The regexp could begin with "optionally any string ending with a dot" or similar before xlalk. There are "host name" RFCs (LDH: letter digit hyphen) up to IDNAbis (i18n domains), they might contain recipes. –Be..anyone (talk) 16:56, 20 January 2015 (UTC)Reply
What suggested cleanups? I am not suggesting any cleanup or blanket removal of old rules. --Dirk Beetstra T C (en: U, T) 03:50, 21 January 2015 (UTC)Reply
Of course I'm not sure. There is no issue of bad faith. He had reason to use regex, for two sites, and possibly suspected additional minor changes would be made. But he only cited two sites. One of the pages was deleted, and has IP evidence on it, apparently, which might lead to other evidence from other pages, including cross-wiki. But the blacklistings themselves were clearly based on enwiki spam and nothing else was mentioned. This blacklist was the enwiki blacklist at that time. After enwiki got its own blacklist, the admin who blacklisted here attempted to remove all his listings. This is really old and likely obsolete stuff. --Abd (talk) 20:07, 21 January 2015 (UTC)Reply
3 at least. And we do not have to present a full case for blacklisting (we often don't, per en:WP:BEANS and sometimes privacy concerns), we have to show sufficient abuse that needs to be stopped.
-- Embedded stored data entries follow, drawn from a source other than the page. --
text \<open>An N-qubit operator is represented by its matrix entries in the computational
  basis, indexed by bit strings of length N (bool lists; bit i of the list is qubit i,
  False = |0>, True = |1>).  Only entries with both indices in qbits N are relevant.\<close>

type_synonym op = "bool list \<Rightarrow> bool list \<Rightarrow> complex"

definition qbits :: "nat \<Rightarrow> bool list set" where
  "qbits N = {xs. length xs = N}"

definition op_mult :: "nat \<Rightarrow> op \<Rightarrow> op \<Rightarrow> op" where
  "op_mult N A B = (\<lambda>x y. \<Sum>z\<in>qbits N. A x z * B z y)"

definition op_trace :: "nat \<Rightarrow> op \<Rightarrow> complex" where
  "op_trace N A = (\<Sum>x\<in>qbits N. A x x)"

definition hermitian_op :: "nat \<Rightarrow> op \<Rightarrow> bool" where
  "hermitian_op N A \<longleftrightarrow> (\<forall>x\<in>qbits N. \<forall>y\<in>qbits N. A y x = cnj (A x y))"

definition psd_op :: "nat \<Rightarrow> op \<Rightarrow> bool" where
  "psd_op N A \<longleftrightarrow> hermitian_op N A \<and>
     (\<forall>v :: bool list \<Rightarrow> complex.
        0 \<le> Re (\<Sum>x\<in>qbits N. \<Sum>y\<in>qbits N. cnj (v x) * A x y * v y))"

definition density_matrix :: "nat \<Rightarrow> op \<Rightarrow> bool" where
  "density_matrix N \<rho> \<longleftrightarrow> psd_op N \<rho> \<and> op_trace N \<rho> = 1"

datatype pauli = PX | PY | PZ

lemma UNIV_pauli: "(UNIV :: pauli set) = {PX, PY, PZ}"
  using pauli.exhaust by blast

instance pauli :: finite
  by standard (simp add: UNIV_pauli)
And if that deleted page was mentioned, then certainly there was reason to believe that there were cross-wiki concerns.
Obsolete, how do you know? Did you go through the cross-wiki logs of what was attempted to be spammed? Do you know how often some of the people active here are still blacklisting spambots using open proxies? Please stop with these sweeping statements until you have fully searched for all evidence. 'After enwiki got its own blacklist, the admin who blacklisted here attempted to remove all his listings.' - no, that was not what happened. --Dirk Beetstra T C (en: U, T) 03:16, 22 January 2015 (UTC)Reply
Hi!
I searched all the logs (Special:Log/spamblacklist) of several wikis using the regexp entry /xlal[0-9a-z-]*\.com/.
There were almost no hits:
w:ca: 0
w:ceb: 0
w:de: 0
w:en: 1: 20131030185954, xlalliance.com
w:es: 1: 20140917232510, xlalibre.com
w:fr: 0
w:it: 0
w:ja: 0
w:nl: 0
w:no: 0
w:pl: 0
w:pt: 0
w:ru: 0
w:sv: 0
w:uk: 0
w:vi: 0
w:war: 0
w:zh: 1: 20150107083744, www.jxlalk.com
So there was just one single hit at w:en (not even in the main namespace, but in the user namespace), one in w:es, and one in w:zh (probably a false positive). So I agree with user:Abd that removing of this entry from the sbl would be the best solution. -- seth (talk) 18:47, 21 February 2015 (UTC)Reply
Finally an argument based on evidence (these logs should be public, not admin-only - can we have something like this in a search-engine, this may come in handy in some cases!). Consider removed. --Dirk Beetstra T C (en: U, T) 06:59, 22 February 2015 (UTC)Reply
By the way, Seth, this is actually no hits - all three you show here are collateral. Thanks for this evidence, this information would be useful on more occasions to make an informed decision (also, vide infra). --Dirk Beetstra T C (en: U, T) 07:25, 22 February 2015 (UTC)Reply
I am not sure that we want the Special page to be public, though I can see some value in being able to have something at ToolLabs to be available to run queries, or something available to be run through quarry.  — billinghurst sDrewth 10:57, 22 February 2015 (UTC)Reply
Why not public? There is no reason to hide this, this is not BLP or COPYVIO sensitive information in 99.99% of the hits. The chance that this is non-public information is just as big as for certain blocks to be BLP violations (and those are visible) ... --Dirk Beetstra T C (en: U, T) 04:40, 23 February 2015 (UTC)Reply

Now restarting the original debate

As the blacklist is long, and likely contains rules that are too wide a net and which are so old that they are utterly obsolete (or even, may be giving collateral damage on a regular basis), can we see whether we can set up some criteria (that can be 'bot tested'):

  1. Rule added > 5 years ago.
  2. All hits (determined on a significant number of wikis), over the last 2 years (for now: since the beginning of the log = ~1.5 years) are collateral damage - NO real hits.
  3. Site is not a redirect site (should not be removed, even if not abused), is not a known phishing/malware site (to protect others), or a true copyright violating site. (this is hard to bot-test, we may need s.o. to look over the list, take out the obvious ones).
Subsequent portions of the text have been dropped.